NeurIPS 2019
Sun Dec 8th through Sat the 14th, 2019 at Vancouver Convention Center
Paper ID:104
Title:Asymptotic Guarantees for Learning Generative Models with the Sliced-Wasserstein Distance

Reviewer 1


		
Clarity: the article is clear and well written, In this aspect the paper is an "accept" for me. (6) Significance: results are significant as they are new and they will generate some impact for practitioners. This is an accept as well (6) Quality: this paper is of high quality, it is clear there is a significant research effort behind. The combination "theoretical results + empirical validation in simple cases" is sensible given the type of paper this is, and the audience. Accept too (6) Originality: This is the item where I tend to reject more than to accept (5). I think it is definitely original, but all the theoretical contributions seem to me a bit marginal: I am very familiar with Bernton et al 2018, the paper that develops the technique (in turn, mainly based on Basseti et al 2006 and Pollard 1980) that is used here. After reading the supplement of this paper I am left with a "deja vu" feeling; some proofs look way too similar to Bernton et al, making me wonder whether they are rather straightforward adaptations. Indeed, It is no surprise all results of Bernton et al hold here too as this is a kind of average of one-dimensional wassersten distances. It is no surprise as well it is possible to establish a distributional limit in the multidimensional case here (unlike Bernton et al), although I think it is a very nice observation. Question for the authors: Does the obtained distributional limit here gives any intuition about what should be the limit in the multidimensional case for the vanilla wasserstein distance?

Reviewer 2


		
The paper is of high quality. It also comes with reasonable clarity. Overall it brings important new analysis to the important topic and the work seems to be original from what I can say.

Reviewer 3


		
***** After Author Response and Reviewer Discussions ***** I have gone through all the other reviews, the meta-reviewer's comment, and the authors' feedback.

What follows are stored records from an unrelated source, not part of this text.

lemma gen_sub_subset_I_minus_range:
  assumes fin: "finite {u. Icoeff lam mu u \<noteq> 0}" and "S \<subseteq> I_minus_range lam mu d"
  shows "gen_sub lam mu S \<subseteq> I_minus_range lam mu d"
proof
  have preimage: "\<exists>q\<in>M1. v = (\<lambda>x. Iclosed lam mu q x - d * q x)"
    if "v \<in> I_minus_range lam mu d" for v
    using that by (auto simp: I_minus_range_def)
  fix v assume "v \<in> gen_sub lam mu S"
  then show "v \<in> I_minus_range lam mu d"
  proof (induction rule: gen_sub.induct)
    case (base v)
    then show ?case using assms(2) by blast
  next
    case zero
    show ?case using I_minus_rangeI[OF M1_zero, of lam mu d] by (simp add: Iclosed_simps)
  next
    case (add u v)
    then obtain p q where "p \<in> M1" "u = (\<lambda>x. Iclosed lam mu p x - d * p x)"
      and "q \<in> M1" "v = (\<lambda>x. Iclosed lam mu q x - d * q x)" by (meson preimage)
    then have "(\<lambda>m. u m + v m) = (\<lambda>x. Iclosed lam mu (\<lambda>x. p x + q x) x - d * (p x + q x))"
      by (simp add: Iclosed_simps algebra_simps)
    then show ?case using I_minus_rangeI[OF M1_add[OF \<open>p \<in> M1\<close> \<open>q \<in> M1\<close>]] by simp
  next
    case (smult v c)
    then obtain q where "q \<in> M1" "v = (\<lambda>x. Iclosed lam mu q x - d * q x)" by (meson preimage)
    then have "(\<lambda>m. c * v m) = (\<lambda>x. Iclosed lam mu (\<lambda>x. c * q x) x - d * (c * q x))"
      by (simp add: Iclosed_simps algebra_simps)
    then show ?case using I_minus_rangeI[OF M1_mult[OF \<open>q \<in> M1\<close>]] by simp
  next
    case (Eop v i j)
    then obtain q where "q \<in> M1" "v = (\<lambda>x. Iclosed lam mu q x - d * q x)" by (meson preimage)
    then have "Eop lam mu i j v = (\<lambda>x. Iclosed lam mu (Eop lam mu i j q) x - d * Eop lam mu i j q x)"
      by (simp add: Eop_simps Eop_Iclosed[OF fin])
    then show ?case using I_minus_rangeI[OF M1_Eop[OF \<open>q \<in> M1\<close>]] by simp
  qed
qed

lemma gen_sub_psubset_M1:
  assumes fin: "finite {u. Icoeff lam mu u \<noteq> 0}" and v0: "Icoeff lam mu v0 \<noteq> 0"
    and "S \<subseteq> I_minus_range lam mu d"
  shows "gen_sub lam mu S \<subset> M1"
proof -
  have "I_minus_range lam mu d \<subseteq> M1"
    by (auto simp: I_minus_range_def intro!: M1_diff M1_mult M1_Iclosed[OF fin])
  then show ?thesis
    using gen_sub_subset_I_minus_range[OF fin assms(3)] wvec_notin_I_minus_range[OF fin v0] M1_wvec
    by blast
qed

section \<open>Eigenvectors of \<open>E\<^sub>-\<^sub>i\<^sub>,\<^sub>j\<close>\<close>

lemma Eop_wvec:
  assumes "j \<ge> 1"
  shows "Eop lam mu (- int i) (int j) wvec = (\<lambda>x. lam i * mu j * wvec x)"
proof -
  have der_wvec: "der v wvec m = 0" for v m
    using add_var_mono_neq_zero[of m v] by (simp add: der_def wvec_def)
  have "astar mu (int j) wvec = (\<lambda>x. mu j * wvec x)"
    using assms by (auto simp: astar_def der_wvec)
  moreover have "aop lam (int i) wvec = (\<lambda>x. lam i * wvec x)"
    by (auto simp: aop_def der_wvec)
  ultimately show ?thesis
    using assms by (simp add: Eop_def aop_simps) (simp add: algebra_simps)
qed

lemma Eop_Iclosed_pow_wvec:
  assumes "finite {u. Icoeff lam mu u \<noteq> 0}" and "j \<ge> 1"
  shows "Eop lam mu (- int i) (int j) ((Iclosed lam mu ^^ k) wvec)
           = (\<lambda>x. lam i * mu j * (Iclosed lam mu ^^ k) wvec x)"
  by (induction k) (simp_all add: Eop_wvec[OF assms(2)] Eop_Iclosed[OF assms(1)] Iclosed_simps)
lemma lower_density_separated_set: "0 < lower_density (separated_set N k)"
proof (rule lower_density_pos)
  let ?P = "real (sep_period N k)"
  have P: "0 < ?P" using sep_period_pos[of N k] by simp
  then show "0 < 1 / (4 * ?P)" by simp
  fix M assume M: "4 * sep_period N k \<le> M"
  then have "1 \<le> real M / (4 * ?P)" using P by (simp add: le_divide_eq)
  moreover have "real M / (2 * ?P) = 2 * (real M / (4 * ?P))" by simp
  ultimately have "real M / (4 * ?P) \<le> real M / (2 * ?P) - 1" by linarith
  also have "\<dots> \<le> real (card (separated_set N k \<inter> {1..M}))" by (rule card_separated_set_ge)
  finally have "1 / (4 * ?P) * real M \<le> real (card (separated_set N k \<inter> {1..M}))" by simp
  moreover have "0 < real M" using M sep_period_pos[of N k] by simp
  ultimately show "1 / (4 * ?P) \<le> real (card (separated_set N k \<inter> {1..M})) / real M"
    by (simp add: pos_le_divide_eq)
qed

section \<open>The frequently hypercyclic vector\<close>

lemma sum_labelled_tails_le:
  fixes w :: "nat \<Rightarrow> nat \<Rightarrow> 'a::real_vector" and Nm :: "'a \<Rightarrow> real"
  assumes Fn: "F_norm Nm"
    and tails: "\<And>j k G. j \<le> k \<Longrightarrow> finite G \<Longrightarrow> G \<subseteq> {N k..} \<Longrightarrow>
                  Nm (\<Sum>n\<in>G. w j n) < (1/2)^(k + j)"
    and "finite F" and "inj_on d F"
    and far: "\<And>n. n \<in> F \<Longrightarrow> N (max (lab n) k) \<le> d n"
  shows "Nm (\<Sum>n\<in>F. w (lab n) (d n)) \<le> 2 * (1/2)^k"
proof -
  let ?F = "\<lambda>l. {n \<in> F. lab n = l}"
  have "(\<Sum>n\<in>F. w (lab n) (d n)) = (\<Sum>l\<in>lab ` F. \<Sum>n\<in>?F l. w (lab n) (d n))"
    by (rule sum.image_gen[OF \<open>finite F\<close>])
  also have "\<dots> = (\<Sum>l\<in>lab ` F. \<Sum>i\<in>d ` ?F l. w l i)"
  proof (rule sum.cong[OF refl])
    fix l
    have "inj_on d (?F l)" using \<open>inj_on d F\<close> by (rule inj_on_subset) auto
    then have "(\<Sum>i\<in>d ` ?F l. w l i) = (\<Sum>n\<in>?F l. w l (d n))" by (simp add: sum.reindex)
    also have "\<dots> = (\<Sum>n\<in>?F l. w (lab n) (d n))" by (rule sum.cong) auto
    finally show "(\<Sum>n\<in>?F l. w (lab n) (d n)) = (\<Sum>i\<in>d ` ?F l. w l i)" by simp
  qed
  finally have "Nm (\<Sum>n\<in>F. w (lab n) (d n)) \<le> (\<Sum>l\<in>lab ` F. Nm (\<Sum>i\<in>d ` ?F l. w l i))"
    using F_norm_sum_le[OF Fn] by simp
  also have "\<dots> \<le> (\<Sum>l\<in>lab ` F. (1/2)^k * (1/2)^l)"
  proof (rule sum_mono)
    fix l
    have "d ` ?F l \<subseteq> {N (max l k)..}" using far by auto
    then have "Nm (\<Sum>i\<in>d ` ?F l. w l i) < (1/2)^(max l k + l)"
      using \<open>finite F\<close> by (intro tails) auto
    also have "\<dots> \<le> (1/2)^(k + l)" by (rule power_decreasing) auto
    finally show "Nm (\<Sum>i\<in>d ` ?F l. w l i) \<le> (1/2)^k * (1/2)^l" by (simp add: power_add)
  qed
  also have "\<dots> = (1/2)^k * (\<Sum>l\<in>lab ` F. (1/2)^l)" by (simp add: sum_distrib_left)
  also have "\<dots> \<le> (1/2)^k * 2"
    using \<open>finite F\<close> by (intro mult_left_mono sum_power_half_le) auto
  finally show ?thesis by simp
qed
lemma baxt_satisfies_same_counts:
  assumes "2 \<le> n" "baxt_satisfies n u v"
  shows "same_counts {} u v"
proof -
  have eq: "P_sharp (subst (pair_subst x y) u) = P_sharp (subst (pair_subst x y) v)"
     "P_sylv (subst (pair_subst x y) u) = P_sylv (subst (pair_subst x y) v)" for x y
    using assms alph_two set_pair_subst
    unfolding baxt_satisfies_def P_baxt_def by (meson order_trans prod.inject)+
  have "count_list u x = count_list v x" for x
  proof -
    have "count_list (subst (pair_subst x x) u) 1 = count_list (subst (pair_subst x x) v) 1"
      using arg_cong[OF eq(1)[of x x], of "\<lambda>t. mset (inorder t)"]
      by (metis count_mset mset_inorder_P_sharp)
    then show ?thesis
      by (simp only: count_subst_pair_subst)
  qed
  then have "mset u = mset v"
    by (simp add: multiset_eq_iff count_mset)
  moreover have "count_before y x u = count_before y x v" for x y
  proof (cases "x = y")
    case False
    have "\<forall>c\<in>set (subst (pair_subst x y) w). 1 \<le> c" for w
      using set_subst_pair_subst[of x y w] by auto
    then have "length (takeWhile ((=) 1) (subst (pair_subst x y) u)) =
        length (takeWhile ((=) 1) (subst (pair_subst x y) v))"
      using eq(1) by (metis takeWhile_right_spine_P_sharp)
    then show ?thesis
      by (simp only: length_takeWhile_subst_pair_subst[OF False])
  qed simp
  moreover have "count_after y x u = count_after y x v" for x y
  proof (cases "x = y")
    case False
    have "\<forall>c\<in>set (subst (pair_subst y x) w). c \<le> 2" for w
      using set_subst_pair_subst[of y x w] by auto
    then have "length (takeWhile ((=) 2) (subst (pair_subst y x) (rev u))) =
        length (takeWhile ((=) 2) (subst (pair_subst y x) (rev v)))"
      using eq(2) by (metis takeWhile_left_spine_P_sylv rev_subst_pair_subst)
    then show ?thesis
      using False by (simp only: length_takeWhile_subst_pair_subst count_after_def)
  qed simp
  ultimately show ?thesis
    by (simp add: same_counts_def)
qed

lemma baxt_satisfies_iff_derivable:
  "2 \<le> n \<Longrightarrow> baxt_satisfies n u v \<longleftrightarrow> derivable baxter_basis u v"
  using baxt_satisfies_same_counts same_counts_derivable derivable_baxt_satisfies by blast

theorem theorem4p10:
  shows "(\<forall>n::enat. 2 \<le> n \<longrightarrow> finite_identity_basis n baxter_basis) \<and>
         (\<forall>m n :: enat. 2 \<le> m \<longrightarrow> 2 \<le> n \<longrightarrow>
            (\<forall>u v. baxt_satisfies m u v \<longleftrightarrow> baxt_satisfies n u v))"
proof (intro conjI allI impI)
  fix n :: enat
  assume "2 \<le> n"
  have "derivable baxter_basis p q" if "(p, q) \<in> baxter_basis" for p q
    using deriv_step_instance[OF that, of "[]" "\<lambda>z. [z]" "[]"]
    by (simp add: derivable_def subst_def)
  then show "finite_identity_basis n baxter_basis"
    using baxt_satisfies_iff_derivable[OF \<open>2 \<le> n\<close>]
    unfolding finite_identity_basis_def by (auto simp: baxter_basis_def)
next
  fix m n :: enat and u v
  assume "2 \<le> m" "2 \<le> n"
  then show "baxt_satisfies m u v \<longleftrightarrow> baxt_satisfies n u v"
    using baxt_satisfies_iff_derivable by blast
qed

end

I will keep my evaluation unchanged. ********************************************************** *originality: To my best knowledge, the results are original. The methodologies of analysis belong to classical asymptotic statistics, but the problem analyzed is new. *quality: Due to the time constraint I did not go through the proofs. The claim in the abstract is well supported by the theorems. The work appears to be complete. The authors are honest about claiming the strength and weakness of their work. *clarity: The submission is clearly written, well written and of elegant style. Since this is a theoretical paper, the proofs provide enough information for an expert reader to varify the theorems which are the results. *significance: The results are important and significant for understanding the behavior of MSWE and MESWE. This paper is likely to be cited by people working on the application side of these two estimators. The problem is difficult and the authors have provided better analysis than that in literature to my best knowledge. The analysis provided advances the state of the art in a demonstrable way. The analysis is theoretically unique.